Evaluation of oxidized guanine in primary myometrial cells with ROS exposure in vitro, and ROS-induced gene expression in myometrial cells by RNA-seq analysis. a DHE staining (ROS) in 3D spheroid cultures of myometrial cells treated with control and PQ. b and c Immunohistochemistry (b) and quantitative H-scores (c) for 8-OHdG and γH2AX in 3D cultured myometrial cells treated with control and PQ. d Quantitative analysis of the absence of base site (apurinic/apyrimidinic (AP)) in genomic DNA treated for 6 hrs (blue bars) and 18 hrs (red bars) in myometrial cells treated with control and PQ . e Heatmaps (n=4, NUP245, NUP246, NUP237, NUP240) showed 325 genes treated with PQ (178 upregulated and 147 downregulated). f Volcano plot illustrated significantly up (Red) and down (blue) regulated genes. g Gene enrichment analysis of six major pathways upregulate by PQ treatment. *p<0.05; **p<0.01

To evaluate the gene expression patterns in myometrial cells treated with PQ, RNA sequencing analysis was performed.

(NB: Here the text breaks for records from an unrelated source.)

(* There exists a measure-preserving transformation $T:[0,1]\to[0,1]$, generated by a network with task-driven neurons, and a point $\xi\in[0,1]$ such that the orbit $\{T^n(\xi): n\in\mathbb{N}\}$ is dense in $[0,1]$. Equivalently, for every $x\in[0,1]$ and every $\epsilon>0$ there exists $m\in\mathbb{N}$ with \[ |x - T^{m}(\xi)| < \epsilon . \]
   Context: $T^m$ denotes the $m$-fold composition of $T$ with itself. A task-driven neuron with input $\mathbf{z}\in\mathbb{R}^d$ computes $y=\sigma(g(\mathbf{z}))$, where $\sigma$ is a common activation function (e.g. ReLU) and the aggregation function $g$ replaces the usual inner product $\mathbf{w}^\top\mathbf{z}+b$ by a nonlinear expression with learnable coefficients built from polynomial terms $\mathbf{w}_k^\top \mathbf{z}^{\odot k}$ (element-wise powers), interaction terms $\sum_{r=1}^R\prod_{j=1}^m(\mathbf{a}_{r,j}^\top\mathbf{z})$, and possibly a periodic term $D\sin(\mathbf{z})$, plus a bias; in particular a neuron may have a polynomial of any order as its aggregation function. A network with task-driven neurons is a feedforward network built from such neurons. Measure-preserving is with respect to Lebesgue measure on $[0,1]$. *)

theory Defs
  imports "HOL-Analysis.Analysis"
begin

text \<open>Inner product of coefficient list and input list; missing coefficients count as 0.\<close>
definition lin :: "real list \<Rightarrow> real list \<Rightarrow> real" where
  "lin w z = sum_list (map2 (*) w z)"

text \<open>A task-driven neuron: polynomial coefficient vectors w_1..w_K (w_k multiplies the
  element-wise k-th power of the input), interaction terms (a list of R products, each a list
  of m linear forms a_{r,j}), a periodic coefficient vector D and a bias b.\<close>
datatype neuron = Neuron "real list list" "real list list list" "real list" real

fun agg :: "neuron \<Rightarrow> real list \<Rightarrow> real" where
  "agg (Neuron W A D b) z =
     (\<Sum>k<length W. lin (W ! k) (map (\<lambda>t. t ^ (Suc k)) z))
     + sum_list (map (\<lambda>row. prod_list (map (\<lambda>a. lin a z) row)) A)
     + lin D (map sin z) + b"

definition relu :: "real \<Rightarrow> real" where
  "relu t = max 0 t"

definition neuron_out :: "(real \<Rightarrow> real) \<Rightarrow> neuron \<Rightarrow> real list \<Rightarrow> real" where
  "neuron_out \<sigma> n z = \<sigma> (agg n z)"

definition layer_out :: "(real \<Rightarrow> real) \<Rightarrow> neuron list \<Rightarrow> real list \<Rightarrow> real list" where
  "layer_out \<sigma> L z = map (\<lambda>n. neuron_out \<sigma> n z) L"

definition net_out :: "(real \<Rightarrow> real) \<Rightarrow> neuron list list \<Rightarrow> real list \<Rightarrow> real list" where
  "net_out \<sigma> Ls z = fold (layer_out \<sigma>) Ls z"

definition generated_by_task_net :: "(real \<Rightarrow> real) \<Rightarrow> real set \<Rightarrow> (real \<Rightarrow> real) \<Rightarrow> bool" where
  "generated_by_task_net \<sigma> S T \<longleftrightarrow>
     (\<exists>Ls. Ls \<noteq> [] \<and> length (last Ls) = 1 \<and> (\<forall>x\<in>S. T x = hd (net_out \<sigma> Ls [x])))"

definition unit_leb :: "real measure" where
  "unit_leb = restrict_space lborel {0..1}"

definition measure_preserving_on :: "real measure \<Rightarrow> (real \<Rightarrow> real) \<Rightarrow> bool" where
  "measure_preserving_on M T \<longleftrightarrow>
     T \<in> measurable M M \<and> (\<forall>A\<in>sets M. emeasure M (T -` A \<inter> space M) = emeasure M A)"

end

theory Submission
  imports Defs
begin

text \<open>The tent map \<open>min (2x) (2 - 2x)\<close> is computed on \<open>[0,1]\<close> by a two-layer ReLU network.
  It preserves Lebesgue measure because every set in \<open>[0,1]\<close> has two affine preimage branches
  of slope \<open>\<plusminus>2\<close>, each carrying half of its measure. Its \<open>n\<close>-th iterate maps every dyadic
  interval of length \<open>2\<^sup>-\<^sup>n\<close> onto \<open>[0,1]\<close>, so the tent map is topologically transitive, and
  Birkhoff's transitivity theorem (a Baire category argument) provides a point with dense orbit.\<close>

lemma continuous_on_funpow:
  assumes "continuous_on S f" "f ` S \<subseteq> S"
  shows "continuous_on S (f ^^ n)"
proof (induction n)
  case 0
  then show ?case by (simp add: continuous_on_id)
next
  case (Suc n)
  then have "continuous_on (f ` S) (f ^^ n)"
    using assms(2) continuous_on_subset by blast
  then show ?case
    unfolding funpow_Suc_right by (rule continuous_on_compose[OF assms(1)])
qed

definition topologically_transitive_on :: "'a::topological_space set \<Rightarrow> ('a \<Rightarrow> 'a) \<Rightarrow> bool" where
  "topologically_transitive_on S T \<longleftrightarrow>
     (\<forall>U V. openin (top_of_set S) U \<longrightarrow> openin (top_of_set S) V \<longrightarrow> U \<noteq> {} \<longrightarrow> V \<noteq> {} \<longrightarrow>
       (\<exists>n. \<exists>x\<in>U. (T ^^ n) x \<in> V))"

lemma topologically_transitive_onD:
  assumes "topologically_transitive_on S T" "openin (top_of_set S) U" "openin (top_of_set S) V"
    "U \<noteq> {}" "V \<noteq> {}"
  shows "\<exists>n. \<exists>x\<in>U. (T ^^ n) x \<in> V"
  using assms unfolding topologically_transitive_on_def by blast

lemma openin_orbit_visits:
  assumes "continuous_on S T" "T ` S \<subseteq> S" "open C"
  shows "openin (top_of_set S) {x\<in>S. \<exists>n. (T ^^ n) x \<in> C}"
proof -
  have "openin (top_of_set S) (S \<inter> (T ^^ n) -` C)" for n
    using continuous_on_funpow[OF assms(1,2)] assms(3) by (rule continuous_openin_preimage_gen)
  moreover have "{x\<in>S. \<exists>n. (T ^^ n) x \<in> C} = (\<Union>n. S \<inter> (T ^^ n) -` C)"
    by blast
  ultimately show ?thesis
    by (metis (no_types, lifting) imageE openin_Union)
qed
(* Let $N^h\ge 2$ be an integer and $h=1/N^h$. Let $\lambda_j=j^2\pi^2$ be the $j$-th exact eigenvalue of $-u''=\lambda u$ on $(0,1)$ with $u(0)=u(1)=0$, and let $\lambda^h_{sq,j}$ be the $j$-th approximate eigenvalue (eigenvalues sorted in nondecreasing order, counting multiplicity) of the linear SoftFEMBQ generalized matrix eigenvalue problem $(\mathbf{K}-\eta_K\mathbf{S})\mathbf{U}=\lambda^h(\alpha\mathbf{M}_G+(1-\alpha)\mathbf{M}_L)\mathbf{U}$ described in the context, with $\eta_K=\frac{1}{20}$ and $\alpha=\frac45$. Then \[ \frac{|\lambda^h_{sq,j}-\lambda_j|}{\lambda_j}<\frac{1}{1440}(j\pi h)^6\qquad\text{for all } j\in\{1,\dots,N^h-1\}. \]
   Context: Setting (linear finite elements, SoftFEM with blended quadrature, in 1D): Let $x_k=kh$, $k=0,\dots,N^h$, be a uniform mesh of $[0,1]$. Let $V^h$ be the space of continuous functions on $[0,1]$ that are affine on each $[x_{k-1},x_k]$ and vanish at $0$ and $1$, with hat basis $\phi_k$, $k=1,\dots,N^h-1$, $\phi_k(x_l)=\delta_{kl}$. For $v\in V^h$ and an interior node $x_k$ let $[\![v']\!](x_k)=v'(x_k^-)-v'(x_k^+)$. Define $a(v,w)=\int_0^1 v'w'\,dx$, $s(v,w)=\sum_{k=1}^{N^h-1} h\,[\![v']\!](x_k)[\![w']\!](x_k)$, $\mathbf{K}_{kl}=a(\phi_l,\phi_k)$, $\mathbf{S}_{kl}=s(\phi_l,\phi_k)$. $\mathbf{M}_G$ is the mass matrix $\int_0^1\phi_l\phi_k\,dx$ computed elementwise by the 2-point Gauss–Legendre rule, and $\mathbf{M}_L$ the one computed by the 2-point Gauss–Lobatto (trapezoidal) rule. Explicitly, $\mathbf{K}=\frac1h\,\mathrm{tridiag}(-1,2,-1)$, $\mathbf{M}_G=h\,\mathrm{tridiag}(\tfrac16,\tfrac23,\tfrac16)$, $\mathbf{M}_L=h\,\mathbf{I}$, and $\mathbf{S}=\frac1h$ times the symmetric pentadiagonal matrix with rows $(1,-4,6,-4,1)$ except that the first and last diagonal entries are $5$; all are $(N^h-1)\times(N^h-1)$. *)

theory Defs
  imports "Jordan_Normal_Form.Determinant" "HOL-Library.Multiset"
begin

text \<open>Uniform mesh x_k = k h, h = 1/N on [0,1]. Interior nodes x_1..x_{N-1} are
  indexed 0..N-2 (index i corresponds to node i+1). Matrix size N-1.\<close>

definition mesh_h :: "nat \<Rightarrow> real" where
  "mesh_h N = 1 / real N"

text \<open>Stiffness matrix K_kl = a(phi_l, phi_k) = (1/h) tridiag(-1,2,-1).\<close>
definition stiff :: "nat \<Rightarrow> real mat" where
  "stiff N = mat (N - 1) (N - 1) (\<lambda>(i, j).
     if i = j then 2 / mesh_h N
     else if i = j + 1 \<or> j = i + 1 then - 1 / mesh_h N else 0)"

text \<open>Jump [[phi_l']](x_m) = phi_l'(x_m^-) - phi_l'(x_m^+) of hat function l at interior node m.\<close>
definition hat_jump :: "nat \<Rightarrow> nat \<Rightarrow> nat \<Rightarrow> real" where
  "hat_jump N m l =
     (if m = l then 2 / mesh_h N
      else if m = l + 1 \<or> l = m + 1 then - 1 / mesh_h N else 0)"

definition stab :: "nat \<Rightarrow> real mat" where
  "stab N = mat (N - 1) (N - 1) (\<lambda>(i, j).
     (\<Sum>m<N - 1. mesh_h N * hat_jump N m j * hat_jump N m i))"

text \<open>Gauss-Legendre mass matrix h tridiag(1/6, 2/3, 1/6).\<close>
definition mass_G :: "nat \<Rightarrow> real mat" where
  "mass_G N = mat (N - 1) (N - 1) (\<lambda>(i, j).
     if i = j then mesh_h N * (2/3)
     else if i = j + 1 \<or> j = i + 1 then mesh_h N * (1/6) else 0)"

text \<open>Gauss-Lobatto (lumped) mass matrix h I.\<close>
definition mass_L :: "nat \<Rightarrow> real mat" where
  "mass_L N = mat (N - 1) (N - 1) (\<lambda>(i, j). if i = j then mesh_h N else 0)"

definition pencil_poly :: "real mat \<Rightarrow> real mat \<Rightarrow> real poly" where
  "pencil_poly A B = det (mat (dim_row A) (dim_col A) (\<lambda>(i, j). [: A $$ (i, j), - (B $$ (i, j)) :]))"

definition root_mset :: "real poly \<Rightarrow> real multiset" where
  "root_mset p = Abs_multiset (\<lambda>x. order x p)"

text \<open>Generalized eigenvalues of A U = lambda B U, sorted nondecreasingly with multiplicity;
  the j-th one (j \<ge> 1) is at list index j - 1.\<close>
definition gen_eig :: "real mat \<Rightarrow> real mat \<Rightarrow> nat \<Rightarrow> real" where
  "gen_eig A B j = sorted_list_of_multiset (root_mset (pencil_poly A B)) ! (j - 1)"

definition softfembq_eig :: "real \<Rightarrow> real \<Rightarrow> nat \<Rightarrow> nat \<Rightarrow> real" where
  "softfembq_eig eta alpha N j =
     gen_eig (stiff N - eta \<cdot>\<^sub>m stab N) (alpha \<cdot>\<^sub>m mass_G N + (1 - alpha) \<cdot>\<^sub>m mass_L N) j"

end

(*
  Both matrices of the pencil are polynomials in the stiffness matrix K:
  S = h K^2, M_G = h I - (h^2/6) K and M_L = h I.  The discrete sine vectors
  (sin (k j pi h))_k are eigenvectors of K with eigenvalues (2 - 2 cos (j pi h)) / h,
  and being eigenvectors of a symmetric matrix for distinct eigenvalues they form a
  basis.  Hence the pencil is diagonalised simultaneously, its determinant splits
  into linear factors, and h^2 lambda_j = D (j pi h) with
  D t = 3 (1 - cos t) (9 + cos t) / (11 + 4 cos t), which is increasing on [0, pi],
  so sorting the eigenvalues does not permute the modes.  The estimate is then
  |D t - t^2| < t^8 / 1440 for 0 < t <= pi, obtained by inserting the Taylor
  bounds of cos of orders 6 and 8 into D.
*)
theory Submission
  imports Defs
begin

lemma cos_Maclaurin_even:
  fixes x :: real
  obtains t where "cos x = (\<Sum>m<2*n. cos_coeff m * x ^ m) + (-1) ^ n * cos t / fact (2*n) * x ^ (2*n)"
proof -
  obtain t where t: "cos x = (\<Sum>m<2*n. cos_coeff m * x ^ m) + cos (t + 1/2 * real (2*n) * pi) / fact (2*n) * x ^ (2*n)"
    using Maclaurin_cos_expansion by blast
  have "cos (t + 1/2 * real (2*n) * pi) = (-1) ^ n * cos t"
    by (simp add: cos_add)
  with t show thesis by (intro that[of t]) simp
qed

lemma cos_le_Taylor8:
  fixes x :: real
  shows "cos x \<le> 1 - x^2/2 + x^4/24 - x^6/720 + x^8/40320"
proof -
  obtain t where t: "cos x = (\<Sum>m<2*4. cos_coeff m * x ^ m) + (-1) ^ 4 * cos t / fact (2*4) * x ^ (2*4)"
    by (rule cos_Maclaurin_even)
  have "cos t * x^8 \<le> x^8"
    using mult_right_mono[OF cos_le_one, of "x^8" t] by simp
  then show ?thesis
    using t by (simp add: lessThan_nat_numeral cos_coeff_def fact_numeral)
qed
(* Since (erf (a p) + 1) / 2 is a smoothed unit step, psi differs from exp (- p) only by the
   Gaussian tail of 1 - erf, which Mills' inequality 1 - erf x <= exp (- x^2) / (x sqrt pi)
   controls: this gives (ii), and for p < 0 the decay in (i). For (iii), Leibniz' rule writes
   psi^(r) through the derivatives of the Gaussian; Cauchy's estimate on discs of radius sqrt r
   bounds the m-th of them by m! exp (2 r - x^2 / 2) / r^(m/2), and as a^2 <= 8 r this gives
   |psi^(r) p| <= (108 r)^r exp (- |p|), hence the L2 bound. *)

section \<open>The error function\<close>

lemma has_real_derivative_integral_gaussian:
  "((\<lambda>p. LBINT t=0..p. exp (- (t\<^sup>2))) has_real_derivative exp (- (x\<^sup>2))) (at x)"
proof -
  define a b where "a = min x 0 - 1" and "b = max x 0 + 1"
  have "continuous_on {a..b} (\<lambda>t::real. exp (- (t\<^sup>2)))"
    by (intro continuous_intros)
  from interval_integral_FTC2[OF _ _ this, of 0 x]
  have "((\<lambda>p. LBINT t=0..p. exp (- (t\<^sup>2))) has_vector_derivative exp (- (x\<^sup>2))) (at x within {a..b})"
    unfolding zero_ereal_def by (simp add: a_def b_def)
  then have "((\<lambda>p. LBINT t=0..p. exp (- (t\<^sup>2))) has_vector_derivative exp (- (x\<^sup>2))) (at x within {a<..<b})"
    by (rule has_vector_derivative_within_subset) auto
  then have "((\<lambda>p. LBINT t=0..p. exp (- (t\<^sup>2))) has_vector_derivative exp (- (x\<^sup>2))) (at x)"
    by (subst (asm) has_vector_derivative_within_open) (auto simp: a_def b_def)
  then show ?thesis
    by (simp add: has_real_derivative_iff_has_vector_derivative)
qed

lemma erf_has_real_derivative: "(erf has_real_derivative 2 / sqrt pi * exp (- (x\<^sup>2))) (at x)"
  unfolding erf_def[abs_def] by (rule DERIV_cmult[OF has_real_derivative_integral_gaussian])

lemma has_real_derivative_erf [derivative_intros]:
  "(f has_real_derivative f') (at x) \<Longrightarrow>
    ((\<lambda>x. erf (f x)) has_real_derivative 2 / sqrt pi * exp (- ((f x)\<^sup>2)) * f') (at x)"
  by (rule DERIV_chain2[OF erf_has_real_derivative])

lemma erf_0 [simp]: "erf 0 = 0"
  by (simp add: erf_def zero_ereal_def)

lemma erf_minus: "erf (- x) = - erf x"
proof -
  have "\<forall>y. ((\<lambda>y. erf y + erf (- y)) has_real_derivative 0) (at y)"
    by (auto intro!: derivative_eq_intros)
  from DERIV_isconst_all[OF this, of x 0] show ?thesis by simp
qed

lemma erf_strict_mono: "x < y \<Longrightarrow> erf x < erf y"
  by (rule DERIV_pos_imp_increasing) (auto intro!: exI erf_has_real_derivative)

lemma erf_tendsto_1: "(erf \<longlongrightarrow> 1) at_top"
proof -
  have int: "set_integrable lborel {0..} (\<lambda>t::real. exp (- (t\<^sup>2)))"
    using gaussian_moment_0 unfolding set_integrable_def by (simp add: has_bochner_integral_iff)
  have "(LINT t:{0..}|lborel. exp (- (t\<^sup>2))) = sqrt pi / 2"
    using gaussian_moment_0 unfolding set_lebesgue_integral_def by (simp add: has_bochner_integral_iff)
  with tendsto_set_lebesgue_integral_at_top[OF _ int]
  have "((\<lambda>b. LINT t:{0..b}|lborel. exp (- (t\<^sup>2))) \<longlongrightarrow> sqrt pi / 2) at_top"
    by simp
  from tendsto_mult_left[OF this, of "2 / sqrt pi"]
  have lim: "((\<lambda>b. 2 / sqrt pi * (LINT t:{0..b}|lborel. exp (- (t\<^sup>2)))) \<longlongrightarrow> 1) at_top"
    by simp
  show ?thesis
  proof (rule Lim_transform_eventually[OF lim])
    show "\<forall>\<^sub>F b in at_top. 2 / sqrt pi * (LINT t:{0..b}|lborel. exp (- (t\<^sup>2))) = erf b"
      using eventually_ge_at_top[of "0::real"]
      by eventually_elim (simp add: erf_def, metis interval_integral_Icc zero_ereal_def)
  qed
qed

lemma erf_less_1: "erf x < 1"
proof -
  have "\<forall>\<^sub>F y in at_top. erf (x + 1) \<le> erf y"
    using eventually_ge_at_top[of "x + 1"] by eventually_elim (metis erf_strict_mono order.order_iff_strict)
  then have "erf (x + 1) \<le> 1"
    by (rule tendsto_lowerbound[OF erf_tendsto_1]) simp
  then show ?thesis
    using erf_strict_mono[of x "x + 1"] by simp
qed

lemma erf_greater_minus_1: "- 1 < erf x"
  using erf_less_1[of "- x"] by (simp add: erf_minus)

lemma erf_nonneg: "0 \<le> x \<Longrightarrow> 0 \<le> erf x"
  using erf_strict_mono[of 0 x] by (cases "x = 0") auto

lemma one_minus_erf_le:
  assumes "0 < x"
  shows "1 - erf x \<le> exp (- (x\<^sup>2)) / (x * sqrt pi)"
proof -
  define U where "U y = exp (- (y\<^sup>2)) / (y * sqrt pi) - (1 - erf y)" for y
  have "0 < U x"
  proof (rule DERIV_neg_imp_decreasing_at_top[where f = U and b = x])
    fix t assume "x \<le> t"
    with assms have "0 < t" by simp
    define s where "s = sqrt pi"
    have "0 < s" by (simp add: s_def)
    then have "(U has_real_derivative - exp (- (t\<^sup>2)) / (t\<^sup>2 * s)) (at t)"
      unfolding U_def[abs_def] s_def[symmetric] using \<open>0 < t\<close>
      by (auto intro!: derivative_eq_intros simp: field_simps power2_eq_square s_def[symmetric])
    moreover have "- exp (- (t\<^sup>2)) / (t\<^sup>2 * s) < 0"
      using \<open>0 < t\<close> \<open>0 < s\<close> by (simp add: divide_neg_pos)
    ultimately show "\<exists>d. (U has_real_derivative d) (at t) \<and> d < 0"
      by blast
  next
    have "((\<lambda>y. exp (- (y\<^sup>2)) / (y * sqrt pi)) \<longlongrightarrow> 0) at_top"
      by real_asymp
    from tendsto_diff[OF this tendsto_diff[OF tendsto_const erf_tendsto_1, of 1]]
    show "(U \<longlongrightarrow> 0) at_top"
      unfolding U_def[abs_def] by simp
  qed
  then show ?thesis
    unfolding U_def by simp
qed
lemma wave_in_eigenspace:
  assumes "p \<in> wave_amplitudes"
  shows "wave p \<in> eigenspace_L V E (of_real (k\<^sup>2))"
proof -
  define f' where
    "f' e x = k * (p (Some e) * cos (k * x) - p None * \<sigma> (fst e) * sin (k * x))" for e x
  define f'' where
    "f'' e x = - of_real (k\<^sup>2) * (p None * \<sigma> (fst e) * cos (k * x) + p (Some e) * sin (k * x))"
    for e x
  have H2: "\<forall>e\<in>E. edge_H2 (wave p e) (f' e) (f'' e)"
  proof
    fix e assume "e \<in> E"
    then show "edge_H2 (wave p e) (f' e) (f'' e)"
      unfolding f'_def f''_def by (intro edge_H2_trigonometric) (simp add: wave_def)
  qed
  have continuous: "\<forall>(a, b)\<in>E. wave p (a, b) 0 = p None * \<sigma> a \<and> wave p (a, b) 1 = p None * \<sigma> b"
    using sigma_edge cos_k sin_k by (auto simp: wave_def mult.commute)
  have kirchhoff: "\<forall>v\<in>V. (\<Sum>e\<in>{e\<in>E. fst e = v}. f' e 0) - (\<Sum>e\<in>{e\<in>E. snd e = v}. f' e 1) = 0"
  proof
    fix v assume "v \<in> V"
    have "(\<Sum>e\<in>{e\<in>E. fst e = v}. f' e 0) - (\<Sum>e\<in>{e\<in>E. snd e = v}. f' e 1)
        = k * incidence (p \<circ> Some) v"
      using \<open>v \<in> V\<close> cos_k sin_k
      by (simp add: f'_def incidence_def sum_distrib_left right_diff_distrib mult_ac)
    then show "(\<Sum>e\<in>{e\<in>E. fst e = v}. f' e 0) - (\<Sum>e\<in>{e\<in>E. snd e = v}. f' e 1) = 0"
      using assms by (simp add: wave_amplitudes_def)
  qed
  have "in_dom_L V E (wave p) f' f''"
    unfolding in_dom_L_def using H2 continuous kirchhoff by (intro conjI exI) assumption+
  moreover have "\<forall>e\<in>E. AE x in lborel. x \<in> {0..1} \<longrightarrow> - f'' e x = of_real (k\<^sup>2) * wave p e x"
    by (simp add: f''_def wave_def)
  moreover have "normalised_fun E (wave p)"
    by (simp add: normalised_fun_def wave_def)
  ultimately show ?thesis
    unfolding eigenspace_L_def by blast
qed

lemma eigenfunction_edge_form:
  assumes "f \<in> eigenspace_L V E (of_real (k\<^sup>2))"
  shows "\<exists>B c. B \<in> supported_on E \<and> incidence B = 0 \<and>
    (\<forall>e\<in>E. \<forall>x\<in>{0..1}. f e x = c * \<sigma> (fst e) * cos (k * x) + B e * sin (k * x))"
proof -
  obtain f' f'' \<phi> where H2: "\<forall>e\<in>E. edge_H2 (f e) (f' e) (f'' e)"
    and continuous: "\<forall>(a, b)\<in>E. f (a, b) 0 = \<phi> a \<and> f (a, b) 1 = \<phi> b"
    and kirchhoff: "\<forall>v\<in>V. (\<Sum>e\<in>{e\<in>E. fst e = v}. f' e 0) - (\<Sum>e\<in>{e\<in>E. snd e = v}. f' e 1) = 0"
    and eigen: "\<forall>e\<in>E. AE x in lborel. x \<in> {0..1} \<longrightarrow> - f'' e x = of_real (k\<^sup>2) * f e x"
    using assms unfolding eigenspace_L_def in_dom_L_def by blast
  have k0: "k \<noteq> 0" using k_pos by simp
  have f: "f e x = f e 0 * cos (k * x) + f' e 0 / k * sin (k * x)"
    and f': "f' e x = - k * f e 0 * sin (k * x) + f' e 0 * cos (k * x)"
    if "e \<in> E" "x \<in> {0..1}" for e x
    using edge_eigenfunction_eq[OF k0 H2[rule_format, OF that(1)] eigen[rule_format, OF that(1)]
        that(2)]
    by auto
  have f1: "f e 1 = s * f e 0" and f'1: "f' e 1 = s * f' e 0" if "e \<in> E" for e
    using f[OF that, of 1] f'[OF that, of 1] cos_k sin_k by (simp_all add: mult.commute)
  obtain c where c: "\<forall>v\<in>V. \<phi> v = c * \<sigma> v"
    using twisted_function_eq_multiple_sigma[of \<phi>] continuous f1 by fastforce
  define B where "B e = (if e \<in> E then f' e 0 / k else 0)" for e
  have "B \<in> supported_on E"
    by (simp add: supported_on_def B_def)
  moreover have "incidence B = 0"
  proof
    fix v
    have "incidence B v = (if v \<in> V then
        ((\<Sum>e\<in>{e\<in>E. fst e = v}. f' e 0) - (\<Sum>e\<in>{e\<in>E. snd e = v}. f' e 1)) / k else 0)"
      by (simp add: incidence_def B_def f'1 diff_divide_distrib sum_divide_distrib sum_distrib_left)
    then show "incidence B v = 0 v"
      using kirchhoff by simp
  qed
  moreover have "f e x = c * \<sigma> (fst e) * cos (k * x) + B e * sin (k * x)"
    if "e \<in> E" "x \<in> {0..1}" for e x
  proof -
    obtain a b where "e = (a, b)" by (cases e)
    with that have "f e 0 = \<phi> a" "a \<in> V"
      using continuous edges_subset by auto
    then show ?thesis
      using f[OF that] c \<open>e = (a, b)\<close> that(1) by (simp add: B_def)
  qed
  ultimately show ?thesis
    by blast
qed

After normalizing the data with an absolute log2 fold change cutoff of 1 (for Control vs. PQ), a total of 325 genes were dysregulated in cells treated with PQ (178 upregulated and 147 downregulated, Fig. 3e and f, Additional file 2: Table S5). GSEA revealed the dysregulated genes are significantly associated with the ROS pathway, hypoxia, DNA repair, p53 pathway, estrogen response, and AKT signaling (Fig. 3g), consistent with findings in myometrial tissue with LM (Fig. 2g and h), suggesting common mechanisms of the ROS-mediated DNA damage response to these two compounds. Upregulation of AKT pathways by PQ (Fig. 2h and 3g) was consistent with our previous functional analysis [21]. Genes in ROS stress response and the DNA repair pathway were mostly upregulated in PQ treatment (Additional file 1: Fig. S4a). The pathway connections and gene expression trends are summarized in Additional file 1: Fig. S4b. These findings demonstrate a common effect of PQ on ROS metabolic pathways, with DNA damage response, specifically the base excision repair pathway were dysregulated in PQ treatment.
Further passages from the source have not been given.